Listen, I finished last year with dreams of glory in flatter road races and etc. Last year I was perfectly happy with being a non-traditional bike racer - "oh look at that giant dude," "who put that bear on a bicycle," etc. I had this idea in my mind - cycling is all about power/weight ratio - change the bottom half of the equation and you change the ratio.
So I went about this year with the philosophy, I guess, that if I could look more like a bike racer (be skinnier), then I would be a better bike racer. Here is the thing: trying to make that shift in a year is asking more of my body than it can handle (save for, taking a year and spending it trying to lose weight - riding bonked all the time and not eating and etc. Worked for a while during 2000km July. But you see how much top-end fitness I had coming out of that - none). I am on the path of leaning out and becoming more muscular - but in 2 years of riding my bike increasingly more, I haven't really lost any weight - just turned a bunch of fat into muscle. I am stronger and fitter now. Well, arguably.

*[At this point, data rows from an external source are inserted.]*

lemma winds_parity:
  assumes "det2 x y \<noteq> 0" "det2 y z \<noteq> 0" "det2 z x \<noteq> 0"
  shows "winds x y z \<longleftrightarrow> (crosses_ray x y \<noteq> (crosses_ray y z \<noteq> crosses_ray z x))"
proof -
  have neg: "0 < - det2 x y \<longleftrightarrow> \<not> 0 < det2 x y" "0 < - det2 y z \<longleftrightarrow> \<not> 0 < det2 y z"
    "0 < - det2 z x \<longleftrightarrow> \<not> 0 < det2 z x"
    using assms by linarith+
  show ?thesis
    using no_cycle_flip_up[of x y z] no_cycle_flip_up[of x z y] neg
    unfolding det2_flip_up det2_swap[of z x] det2_swap[of y z] det2_swap[of x y] minus_minus
      winds_def crosses_ray_def
    by (smt (verit))
qed

text \<open>Parity in a box: among the eight triangles \<open>x y z\<close> with \<open>x \<in> {a, a'}\<close>, \<open>y \<in> {b, b'}\<close>,
  \<open>z \<in> {c, c'}\<close> an even number wind around the origin, since in the sum of the parities each
  edge crossing is counted twice.\<close>
lemma box_second_winding:
  assumes nz: "\<forall>x\<in>{a, a'}. \<forall>y\<in>{b, b'}. \<forall>z\<in>{c, c'}. det2 x y \<noteq> 0 \<and> det2 y z \<noteq> 0 \<and> det2 z x \<noteq> 0"
    and "a \<noteq> a'" "b \<noteq> b'" "c \<noteq> c'" and "winds a b c"
  shows "\<exists>x\<in>{a, a'}. \<exists>y\<in>{b, b'}. \<exists>z\<in>{c, c'}. (x, y, z) \<noteq> (a, b, c) \<and> winds x y z"
proof (rule ccontr)
  assume "\<not> ?thesis"
  then have "\<not> winds a b c'" "\<not> winds a b' c" "\<not> winds a b' c'" "\<not> winds a' b c"
    "\<not> winds a' b c'" "\<not> winds a' b' c" "\<not> winds a' b' c'"
    using assms(2-4) by auto
  moreover have "winds x y z \<longleftrightarrow> (crosses_ray x y \<noteq> (crosses_ray y z \<noteq> crosses_ray z x))"
    if "x \<in> {a, a'}" "y \<in> {b, b'}" "z \<in> {c, c'}" for x y z
    using nz that winds_parity by blast
  ultimately show False
    using \<open>winds a b c\<close> by (smt (verit) insertCI)
qed

lemma exists_avoiding_two:
  assumes "finite S" "3 \<le> card S"
  shows "\<exists>z\<in>S. z \<noteq> u \<and> z \<noteq> v"
proof -
  have "\<not> S \<subseteq> {u, v}"
  proof
    assume "S \<subseteq> {u, v}"
    then have "card S \<le> card {u, v}"
      by (rule card_mono[rotated]) simp
    also have "\<dots> \<le> 2"
      by (simp add: card_insert_if)
    finally show False
      using assms(2) by simp
  qed
  then show ?thesis
    by blast
qed

text \<open>The colourful triangles around the origin come in even numbers inside every box, so as
  soon as one exists there are at least three: if there were at most one other, a box through
  the first one avoiding the vertices of the other would contain exactly one.\<close>
lemma three_colourful_if_one:
  assumes gen: "origin_generic P" and sub: "S1 \<subseteq> P" "S2 \<subseteq> P" "S3 \<subseteq> P"
    and dis: "S1 \<inter> S2 = {}" "S1 \<inter> S3 = {}" "S2 \<inter> S3 = {}"
    and fin: "finite S1" "finite S2" "finite S3"
    and card: "3 \<le> card S1" "3 \<le> card S2" "3 \<le> card S3"
    and one: "\<exists>x\<in>S1. \<exists>y\<in>S2. \<exists>z\<in>S3. 0 \<in> convex hull {x, y, z}"
  shows "3 \<le> colourful_count S1 S2 S3"
proof (rule ccontr)
  define T where "T = {(x1, x2, x3). x1 \<in> S1 \<and> x2 \<in> S2 \<and> x3 \<in> S3 \<and> 0 \<in> convex hull {x1, x2, x3}}"
  have nz: "det2 x y \<noteq> 0 \<and> det2 y z \<noteq> 0 \<and> det2 z x \<noteq> 0" if "x \<in> S1" "y \<in> S2" "z \<in> S3" for x y z
    using that sub dis origin_generic_det2[OF gen] by blast
  have in_T: "(x, y, z) \<in> T \<longleftrightarrow> winds x y z" if "x \<in> S1" "y \<in> S2" "z \<in> S3" for x y z
    using that nz[OF that] origin_in_triangle_iff_winds unfolding T_def by blast
  have "finite T"
    by (rule finite_subset[of _ "S1 \<times> S2 \<times> S3"]) (auto simp: T_def fin)
  obtain a b c where abc: "a \<in> S1" "b \<in> S2" "c \<in> S3" "(a, b, c) \<in> T"
    using one unfolding T_def by blast
  assume "\<not> 3 \<le> colourful_count S1 S2 S3"
  then have "card T \<le> 2"
    unfolding colourful_count_def T_def by simp
  then obtain p q r where pqr: "T \<subseteq> {(a, b, c), (p, q, r)}"
    using subset_pair_if_card_le_2[OF \<open>finite T\<close> _ abc(4)] by auto
  obtain a' b' c' where a': "a' \<in> S1" "a' \<noteq> a" "a' \<noteq> p" and b': "b' \<in> S2" "b' \<noteq> b" "b' \<noteq> q"
    and c': "c' \<in> S3" "c' \<noteq> c" "c' \<noteq> r"
    using exists_avoiding_two fin card by meson
  have "\<exists>x\<in>{a, a'}. \<exists>y\<in>{b, b'}. \<exists>z\<in>{c, c'}. (x, y, z) \<noteq> (a, b, c) \<and> winds x y z"
    by (rule box_second_winding) (use nz in_T abc a' b' c' in auto)
  then obtain x y z where "x \<in> {a, a'}" "y \<in> {b, b'}" "z \<in> {c, c'}" "(x, y, z) \<noteq> (a, b, c)"
    "(x, y, z) \<in> T"
    using in_T abc a' b' c' by blast
  then show False
    using pqr a' b' c' by auto
qed

lemma collinear_0_iff_det2: "collinear {0, u, v} \<longleftrightarrow> det2 u v = 0"
proof
  assume "collinear {0, u, v}"
  then show "det2 u v = 0"
    by (auto simp: collinear_lemma det2_def)
next
  assume det: "det2 u v = 0"
  show "collinear {0, u, v}"
  proof (cases "u = 0")
    case True
    then show ?thesis
      by (simp add: collinear_2)
  next
    case False
    have "\<exists>c. v = c *\<^sub>R u"
    proof (cases "u$1 = 0")
      case True
      then have "u$2 \<noteq> 0"
        using False by (auto simp: vec2_eq_iff)
      then show ?thesis
        using det True by (intro exI[of _ "v$2 / u$2"]) (auto simp: vec2_eq_iff det2_def field_simps)
    next
      case False
      then show ?thesis
        using det by (intro exI[of _ "v$1 / u$1"]) (auto simp: vec2_eq_iff det2_def field_simps)
    qed
    then show ?thesis
      by (simp add: collinear_lemma)
  qed
qed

But the point is, this is all the wrong approach! Listen. I'm never gonna be as skinny as the rest of you bros. It's just not going to happen. I have a lean body mass of like 215-220 lbs right now. I am bigger than you. The odds of me being "a real bike racer"-type in the next few years are... low. This year I have deluded myself away from playing up my own strengths, in the name of trying in vain to eliminate my weaknesses. I should, in fact, build on my strengths. That 220 lbs of muscle? TURN IT INTO AN UNMITIGATED POWERHOUSE. Focus on developing increasingly staggeringly amounts of force to put into the pedals.

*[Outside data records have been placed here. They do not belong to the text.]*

lemma abs_integral_kernel_taylor_remainder_mult_le:
  fixes a t be L :: real and g :: "real \<Rightarrow> real"
  assumes "a < t" "be > 0" "be \<notin> \<int>"
    and g: "continuous_on {a..t} g" "\<And>\<tau>. \<tau> \<in> {a..t} \<Longrightarrow> \<bar>g \<tau>\<bar> \<le> L"
  shows "\<bar>integral {a..t} (\<lambda>\<tau>. (t - \<tau>) powr be * g \<tau>)
            - integral {a..t} (\<lambda>\<tau>. kernel_taylor_deriv a t be N 0 \<tau> * g \<tau>)\<bar>
         \<le> L * ((t - a) powr (be + 1) * \<bar>pochhammer (-be) (Suc N)\<bar> / (fact (Suc N) * (be + 1)))"
proof -
  define R where "R = (\<lambda>\<tau>. (t - \<tau>) powr be - kernel_taylor_deriv a t be N 0 \<tau>)"
  have abs_R: "((\<lambda>\<tau>. L * \<bar>R \<tau>\<bar>) has_integral
          L * ((t - a) powr (be + 1) * \<bar>pochhammer (-be) (Suc N)\<bar> / (fact (Suc N) * (be + 1)))) {a..t}"
    unfolding R_def by (intro has_integral_mult_right has_integral_abs_kernel_taylor_remainder assms)
  have kernel: "continuous_on {a..t} (\<lambda>\<tau>. (t - \<tau>) powr be)"
    using assms(2) by (intro continuous_intros continuous_on_powr') auto
  have poly: "continuous_on {a..t} (kernel_taylor_deriv a t be N 0)"
    unfolding kernel_taylor_deriv_0 by (intro continuous_intros)
  have "continuous_on {a..t} R"
    unfolding R_def using kernel poly by (rule continuous_on_diff)
  then have "norm (integral {a..t} (\<lambda>\<tau>. R \<tau> * g \<tau>)) \<le> integral {a..t} (\<lambda>\<tau>. L * \<bar>R \<tau>\<bar>)"
    using abs_R g
    by (intro integral_norm_bound_integral integrable_continuous_interval continuous_intros)
       (auto simp: integrable_on_def abs_mult mult.commute[of L] intro: mult_left_mono)
  moreover have "integral {a..t} (\<lambda>\<tau>. R \<tau> * g \<tau>)
      = integral {a..t} (\<lambda>\<tau>. (t - \<tau>) powr be * g \<tau>)
        - integral {a..t} (\<lambda>\<tau>. kernel_taylor_deriv a t be N 0 \<tau> * g \<tau>)"
    unfolding R_def left_diff_distrib
    by (intro integral_diff integrable_continuous_interval continuous_on_mult kernel poly g(1))
  ultimately show ?thesis
    using integral_unique[OF abs_R] by simp
qed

This philosophy limits me, certainly - I will forsake anything with hills in it. But that was happening anyway - you see, I have to take the bar exam next summer. So my summer racing will be severely curtailed. As in, don't expect to see much of me from May through July. I have been slowly realizing (and discussing with compatriots) over the last two months that I would prefer to focus my energy on criterium racing (and cross) anyhow. If I ever make it to the damn velodrome, hold on to your hats.
So here we are. Am I going to try to be a real bike racer? Eventually I could move in that direction. Training well, for the correct thing, will gradually burn the fat off my body. But is that a priority for me? No. Should it be? No! That is what I have been lacking.

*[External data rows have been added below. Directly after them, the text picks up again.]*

(* Homogeneity: at all (r+1)-interior positions of one block the algorithm makes the same
   choices, since they are read off the colour of a window inside the block. *)
lemma homogeneous_picks:
  assumes q: "interior m (length Hs) (Suc r) q" and q': "interior m (length Hs) (Suc r) q'"
    and blk: "q div m = q' div m" and a: "1 \<le> a" "a \<le> D"
  shows "picks_left D A ps q a \<longleftrightarrow> picks_left D A ps q' a"
    and "picks_right D A ps q a \<longleftrightarrow> picks_right D A ps q' a"
proof -
  have H: "Hs ! (q div m) \<in> set Hs" using q unfolding interior_def by simp
  have "window Hs m (Suc r) q \<in> [Hs ! (q div m)]\<^bsup>(2 * Suc r + 1)\<^esup>"
    and "window Hs m (Suc r) q' \<in> [Hs ! (q div m)]\<^bsup>(2 * Suc r + 1)\<^esup>"
    using interior_window(2)[OF q] interior_window(2)[OF q'] blk by simp_all
  from block_homogeneous[OF H this] have same: "choice_pattern D A L r (window Hs m (Suc r) q) =
      choice_pattern D A L r (window Hs m (Suc r) q')" .
  have mem: "(a, 0) \<in> choice_pattern D A L r S \<longleftrightarrow> picks_left D A (canonical_perm L S) (Suc r) a"
    "(a, 1) \<in> choice_pattern D A L r S \<longleftrightarrow> picks_right D A (canonical_perm L S) (Suc r) a"
    for S using a unfolding choice_pattern_def by auto
  show "picks_left D A ps q a \<longleftrightarrow> picks_left D A ps q' a"
    using mem(1)[of "window Hs m (Suc r) q"] mem(1)[of "window Hs m (Suc r) q'"] same
      picks_transfer(1)[OF q a(2)] picks_transfer(1)[OF q' a(2)] by metis
  show "picks_right D A ps q a \<longleftrightarrow> picks_right D A ps q' a"
    using mem(2)[of "window Hs m (Suc r) q"] mem(2)[of "window Hs m (Suc r) q'"] same
      picks_transfer(2)[OF q a(2)] picks_transfer(2)[OF q' a(2)] by metis
qed

(* Hence no layer edge starting deep inside a block is selected: otherwise, by homogeneity,
   the preceding layer edge would be selected too, and two output edges would share the
   vertex at position p. *)
lemma no_interior_path_edge:
  assumes dp: "interior m (length Hs) (Suc (Suc r)) p" and a: "1 \<le> a" "a \<le> D"
    and mt: "matching (gadget_graph D ps) (output_edges A (L * Suc D) (gadget_graph D ps) (slot_colour D))"
  shows "\<not> (picks_right D A ps p a \<and> picks_left D A ps (Suc p) a)"
proof
  assume sel: "picks_right D A ps p a \<and> picks_left D A ps (Suc p) a"
  define j where "j = p div m"
  define i where "i = p mod m"
  have p: "p = j * m + i" unfolding j_def i_def by simp
  have bounds: "j < length Hs" "Suc (Suc r) \<le> i" "i + Suc (Suc r) < m"
    using dp unfolding interior_def j_def i_def by auto
  have near: "interior m (length Hs) (Suc r) q \<and> q div m = j" if "q \<in> {p - 1, p, Suc p}" for q
  proof -
    define k where "k = q - j * m"
    have q: "q = j * m + k" "k < m" "Suc r \<le> k" "k + Suc r < m"
      using that p bounds unfolding k_def by auto
    show ?thesis unfolding q(1) interior_def using q(2-) bounds by simp
  qed
  have n1: "interior m (length Hs) (Suc r) (p - 1)" "(p - 1) div m = j" using near[of "p - 1"] by simp_all
  have n2: "interior m (length Hs) (Suc r) p" "p div m = j" using near[of p] by simp_all
  have n3: "interior m (length Hs) (Suc r) (Suc p)" "Suc p div m = j" using near[of "Suc p"] by simp_all
  have left: "picks_right D A ps (p - 1) a"
    using homogeneous_picks(2)[OF n1(1) n2(1) _ a] n1(2) n2(2) sel by simp
  have right: "picks_left D A ps p a"
    using homogeneous_picks(1)[OF n2(1) n3(1) _ a] n2(2) n3(2) sel by simp
  have p1: "Suc (p - 1) = p" using p bounds by linarith
  have pL: "Suc p < length ps" using interior_window(3)[OF n3(1)] perm_length by simp
  let ?out = "output_edges A (L * Suc D) (gadget_graph D ps) (slot_colour D)"
  have e1: "{vertex_at D ps (p - 1) a, vertex_at D ps p a} \<in> ?out"
    using path_edge_in_output[OF perm_is_perm, of "p - 1" a D A] left right a pL p1 perm_length by simp
  have e2: "{vertex_at D ps p a, vertex_at D ps (Suc p) a} \<in> ?out"
    using path_edge_in_output[OF perm_is_perm, of p a D A] sel a pL perm_length by simp
  have "vertex_at D ps (p - 1) a \<noteq> vertex_at D ps p a"
    using vertex_at_inj[OF perm_is_perm, of "p - 1" p a D a] a pL p1 by simp
  moreover have "vertex_at D ps (p - 1) a \<noteq> vertex_at D ps (Suc p) a"
    using vertex_at_inj[OF perm_is_perm, of "p - 1" "Suc p" a D a] a pL by simp
  ultimately have ne: "{vertex_at D ps (p - 1) a, vertex_at D ps p a} \<noteq>
      {vertex_at D ps p a, vertex_at D ps (Suc p) a}"
    by (metis insertI1 insert_commute insert_iff singletonD)
  have "\<forall>e\<in>?out. \<forall>f\<in>?out. e \<noteq> f \<longrightarrow> e \<inter> f = {}"
    using mt unfolding matching_def by (rule conjunct2)
  from this[rule_format, OF e1 e2 ne] show False by simp
qed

Thus begins what I am going to refer to as the "Scorched Earth" project. Primarily because I would much prefer the ability to burn the face off of anything or anyone, in a straight up sprint. All in all, there is nothing revolutionary here. Just the realization that maybe I ought to focus on getting better at what I am already good at, rather than at what I am no good at. Stop trying to be fabulous Fabian or THOR SMASH and maybe try to be more like Chris Hoy. That guy is DIESEL.
Also, I have been going to rugby practice. I'm not sorry, it's pretty fun.
DCCX was this past weekend. The course was mostly fun, but featured a number of sections in which you had to pedal your bike up steep pitches. 2 laps of this were too much for my legs, and I cracked. On the upside, I did not crash. On the downside, I got lapped. I really like racing cross! I just have been exceedingly bad at it this year. It's too bad.
MNSR intelligence suggests that Kinder CX this weekend is pretty flat. Maybe I will actually race rather than be discouraged and not race, as I am inclined. Thanks to a suggestion, I have a hilarious idea for a halloween costume to race in.